(* Let $\mathsf{KEM}_{\mathrm{eph}}$ be a $\delta_{\mathrm{eph}}$-correct key encapsulation mechanism and $\mathsf{KEM}_{\mathrm{stat}}$ a $\delta_{\mathrm{stat}}$-correct key encapsulation mechanism, and let $\Pi=(\mathsf{Init},\mathsf{SendM1},\mathsf{SendM2})$ be the authenticated key exchange protocol with QKD oracle described in the context, built from these KEMs, a key-derivation function $\mathsf{KDF}$ and two MACs $\mathsf{MAC}^{(qkd)},\mathsf{MAC}^{(pqc)}$. Then $\Pi$ is a $(\delta_{\mathrm{eph}}+2\delta_{\mathrm{stat}})$-correct AKE: for any two completed sessions $\mathit{sid}$ and $\mathit{sid}'$ of $\Pi$ that match each other and whose QKD key identifier has not been corrupted, $$\Pr[\text{session key of } \mathit{sid} \neq \text{session key of } \mathit{sid}'] \le \delta_{\mathrm{eph}}+2\delta_{\mathrm{stat}}.$$
   Context: A KEM is a triple $(\mathsf{KeyGen},\mathsf{Encaps},\mathsf{Decaps})$; it is $\delta$-correct if for $(pk,sk)\leftarrow\mathsf{KeyGen}()$ and $(c,k)\leftarrow\mathsf{Encaps}(pk)$ one has $\Pr[\mathsf{Decaps}(sk,c)\neq k]\le\delta$. Parties $i$ hold static key pairs $(pk_i,sk_i)$ of $\mathsf{KEM}_{\mathrm{stat}}$. QKD oracle: for each session $\mathit{sid}$ the protocol may call $\mathsf{QKD\text{-}GET\text{-}KEY}(\mathit{sid},\ell_{qkd})$, which returns a key identifier $\mathit{kid}$ and a key $k_{qkd}$ of length $\ell_{qkd}$, and $\mathsf{QKD\text{-}GET\text{-}KEY\text{-}WITH\text{-}ID}(\mathit{sid},\mathit{kid})$, which returns the key stored under $\mathit{kid}$ for the corresponding peer, or $\bot$. A key identifier is "corrupted" if the adversary has overridden the key stored under it; for an uncorrupted identifier both calls give the same key. Protocol $\Pi$ (destructuring assignments mean: parse, and abort the session on wrong format; $(x\|y):=k$ splits $k$ so that $x$ has the length of a MAC key and $y$ is the rest): $\mathsf{Combine}(i_I,i_R,t,k_{qkd},k_{pqc})$: $(k_{qkd,m}\|k_{qkd,s}):=k_{qkd}$; $(k_{pqc,m}\|k_{pqc,s}):=k_{pqc}$; $k_{sess}:=k_{qkd,s}\oplus k_{pqc,s}$; $\tau_1:=\mathsf{MAC}^{(qkd)}_{k_{qkd,m}}((t,i_I,i_R))$; $\tau_2:=\mathsf{MAC}^{(pqc)}_{k_{pqc,m}}((t,\tau_1,i_I,i_R))$; return $(k_{sess},\tau_1,\tau_2)$. $\mathsf{Init}(pk_j)$ (initiator, peer $j$): $(c_b,k_b)\leftarrow\mathsf{Encaps}_{\mathrm{stat}}(pk_j)$; $(pk_e,sk_e)\leftarrow\mathsf{KeyGen}_{\mathrm{eph}}()$; $m_1:=(c_b,pk_e)$; state $s:=(k_b,sk_e,m_1)$; output $(m_1,s)$. $\mathsf{SendM1}(i,sk_i,j,pk_j,m_1)$ (responder $i$, peer $j$, session $\mathit{sid}$): $(c_b,pk_e):=m_1$; $k_b':=\mathsf{Decaps}_{\mathrm{stat}}(sk_i,c_b)$; $(c_a,k_a)\leftarrow\mathsf{Encaps}_{\mathrm{stat}}(pk_j)$; $(c_e,k_e)\leftarrow\mathsf{Encaps}_{\mathrm{eph}}(pk_e)$; $k_{pqc}:=\mathsf{KDF}(k_b',k_a,k_e)$; $(\mathit{kid},k_{qkd})\leftarrow\mathsf{QKD\text{-}GET\text{-}KEY}(\mathit{sid},\ell_{qkd})$; $t:=(m_1,(c_a,c_e,\mathit{kid}))$; $(k_{sess},\tau_1,\tau_2):=\mathsf{Combine}(j,i,t,k_{qkd},k_{pqc})$; $m_2:=(c_a,c_e,\mathit{kid},\tau_1,\tau_2)$; output $(m_2,k_{sess})$. $\mathsf{SendM2}(i,sk_i,j,s,m_2)$ (initiator $i$, peer $j$, session $\mathit{sid}$): $(c_a,c_e,\mathit{kid},\tau_1',\tau_2'):=m_2$; $(k_b,sk_e,m_1):=s$; $k_a':=\mathsf{Decaps}_{\mathrm{stat}}(sk_i,c_a)$; $k_e':=\mathsf{Decaps}_{\mathrm{eph}}(sk_e,c_e)$; $k_{pqc}:=\mathsf{KDF}(k_b,k_a',k_e')$; $k_{qkd}:=\mathsf{QKD\text{-}GET\text{-}KEY\text{-}WITH\text{-}ID}(\mathit{sid},\mathit{kid})$, abort if $\bot$; $t:=(m_1,(c_a,c_e,\mathit{kid}))$; $(k_{sess},\tau_1,\tau_2):=\mathsf{Combine}(i,j,t,k_{qkd},k_{pqc})$; abort if $\tau_1\ne\tau_1'$ or $\tau_2\neq\tau_2'$; output $k_{sess}$. Two sessions match if they have opposite roles (one initiator, one responder), each one's owner is the other's peer, and they have the same transcript $(m_1,m_2)$. *)

theory Defs
  imports "HOL-Probability.Probability"
begin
──────────
TASK INSTRUCTIONS: Please output all of the entries without changing a single character.

PROBLEM SOLUTION:
(* Let $\mathsf{KEM}_{\mathrm{eph}}$ be a $\delta_{\mathrm{eph}}$-correct key encapsulation mechanism and $\mathsf{KEM}_{\mathrm{stat}}$ a $\delta_{\mathrm{stat}}$-correct key encapsulation mechanism, and let $\Pi=(\mathsf{Init},\mathsf{SendM1},\mathsf{SendM2})$ be the authenticated key exchange protocol with QKD oracle described in the context, built from these KEMs, a key-derivation function $\mathsf{KDF}$ and two MACs $\mathsf{MAC}^{(qkd)},\mathsf{MAC}^{(pqc)}$. Then $\Pi$ is a $(\delta_{\mathrm{eph}}+2\delta_{\mathrm{stat}})$-correct AKE: for any two completed sessions $\mathit{sid}$ and $\mathit{sid}'$ of $\Pi$ that match each other and whose QKD key identifier has not been corrupted, $$\Pr[\text{session key of } \mathit{sid} \neq \text{session key of } \mathit{sid}'] \le \delta_{\mathrm{eph}}+2\delta_{\mathrm{stat}}.$$
   Context: A KEM is a triple $(\mathsf{KeyGen},\mathsf{Encaps},\mathsf{Decaps})$; it is $\delta$-correct if for $(pk,sk)\leftarrow\mathsf{KeyGen}()$ and $(c,k)\leftarrow\mathsf{Encaps}(pk)$ one has $\Pr[\mathsf{Decaps}(sk,c)\neq k]\le\delta$. Parties $i$ hold static key pairs $(pk_i,sk_i)$ of $\mathsf{KEM}_{\mathrm{stat}}$. QKD oracle: for each session $\mathit{sid}$ the protocol may call $\mathsf{QKD\text{-}GET\text{-}KEY}(\mathit{sid},\ell_{qkd})$, which returns a key identifier $\mathit{kid}$ and a key $k_{qkd}$ of length $\ell_{qkd}$, and $\mathsf{QKD\text{-}GET\text{-}KEY\text{-}WITH\text{-}ID}(\mathit{sid},\mathit{kid})$, which returns the key stored under $\mathit{kid}$ for the corresponding peer, or $\bot$. A key identifier is "corrupted" if the adversary has overridden the key stored under it; for an uncorrupted identifier both calls give the same key. Protocol $\Pi$ (destructuring assignments mean: parse, and abort the session on wrong format; $(x\|y):=k$ splits $k$ so that $x$ has the length of a MAC key and $y$ is the rest): $\mathsf{Combine}(i_I,i_R,t,k_{qkd},k_{pqc})$: $(k_{qkd,m}\|k_{qkd,s}):=k_{qkd}$; $(k_{pqc,m}\|k_{pqc,s}):=k_{pqc}$; $k_{sess}:=k_{qkd,s}\oplus k_{pqc,s}$; $\tau_1:=\mathsf{MAC}^{(qkd)}_{k_{qkd,m}}((t,i_I,i_R))$; $\tau_2:=\mathsf{MAC}^{(pqc)}_{k_{pqc,m}}((t,\tau_1,i_I,i_R))$; return $(k_{sess},\tau_1,\tau_2)$. $\mathsf{Init}(pk_j)$ (initiator, peer $j$): $(c_b,k_b)\leftarrow\mathsf{Encaps}_{\mathrm{stat}}(pk_j)$; $(pk_e,sk_e)\leftarrow\mathsf{KeyGen}_{\mathrm{eph}}()$; $m_1:=(c_b,pk_e)$; state $s:=(k_b,sk_e,m_1)$; output $(m_1,s)$. $\mathsf{SendM1}(i,sk_i,j,pk_j,m_1)$ (responder $i$, peer $j$, session $\mathit{sid}$): $(c_b,pk_e):=m_1$; $k_b':=\mathsf{Decaps}_{\mathrm{stat}}(sk_i,c_b)$; $(c_a,k_a)\leftarrow\mathsf{Encaps}_{\mathrm{stat}}(pk_j)$; $(c_e,k_e)\leftarrow\mathsf{Encaps}_{\mathrm{eph}}(pk_e)$; $k_{pqc}:=\mathsf{KDF}(k_b',k_a,k_e)$; $(\mathit{kid},k_{qkd})\leftarrow\mathsf{QKD\text{-}GET\text{-}KEY}(\mathit{sid},\ell_{qkd})$; $t:=(m_1,(c_a,c_e,\mathit{kid}))$; $(k_{sess},\tau_1,\tau_2):=\mathsf{Combine}(j,i,t,k_{qkd},k_{pqc})$; $m_2:=(c_a,c_e,\mathit{kid},\tau_1,\tau_2)$; output $(m_2,k_{sess})$. $\mathsf{SendM2}(i,sk_i,j,s,m_2)$ (initiator $i$, peer $j$, session $\mathit{sid}$): $(c_a,c_e,\mathit{kid},\tau_1',\tau_2'):=m_2$; $(k_b,sk_e,m_1):=s$; $k_a':=\mathsf{Decaps}_{\mathrm{stat}}(sk_i,c_a)$; $k_e':=\mathsf{Decaps}_{\mathrm{eph}}(sk_e,c_e)$; $k_{pqc}:=\mathsf{KDF}(k_b,k_a',k_e')$; $k_{qkd}:=\mathsf{QKD\text{-}GET\text{-}KEY\text{-}WITH\text{-}ID}(\mathit{sid},\mathit{kid})$, abort if $\bot$; $t:=(m_1,(c_a,c_e,\mathit{kid}))$; $(k_{sess},\tau_1,\tau_2):=\mathsf{Combine}(i,j,t,k_{qkd},k_{pqc})$; abort if $\tau_1\ne\tau_1'$ or $\tau_2\neq\tau_2'$; output $k_{sess}$. Two sessions match if they have opposite roles (one initiator, one responder), each one's owner is the other's peer, and they have the same transcript $(m_1,m_2)$. *)

theory Defs
  imports "HOL-Probability.Probability"
begin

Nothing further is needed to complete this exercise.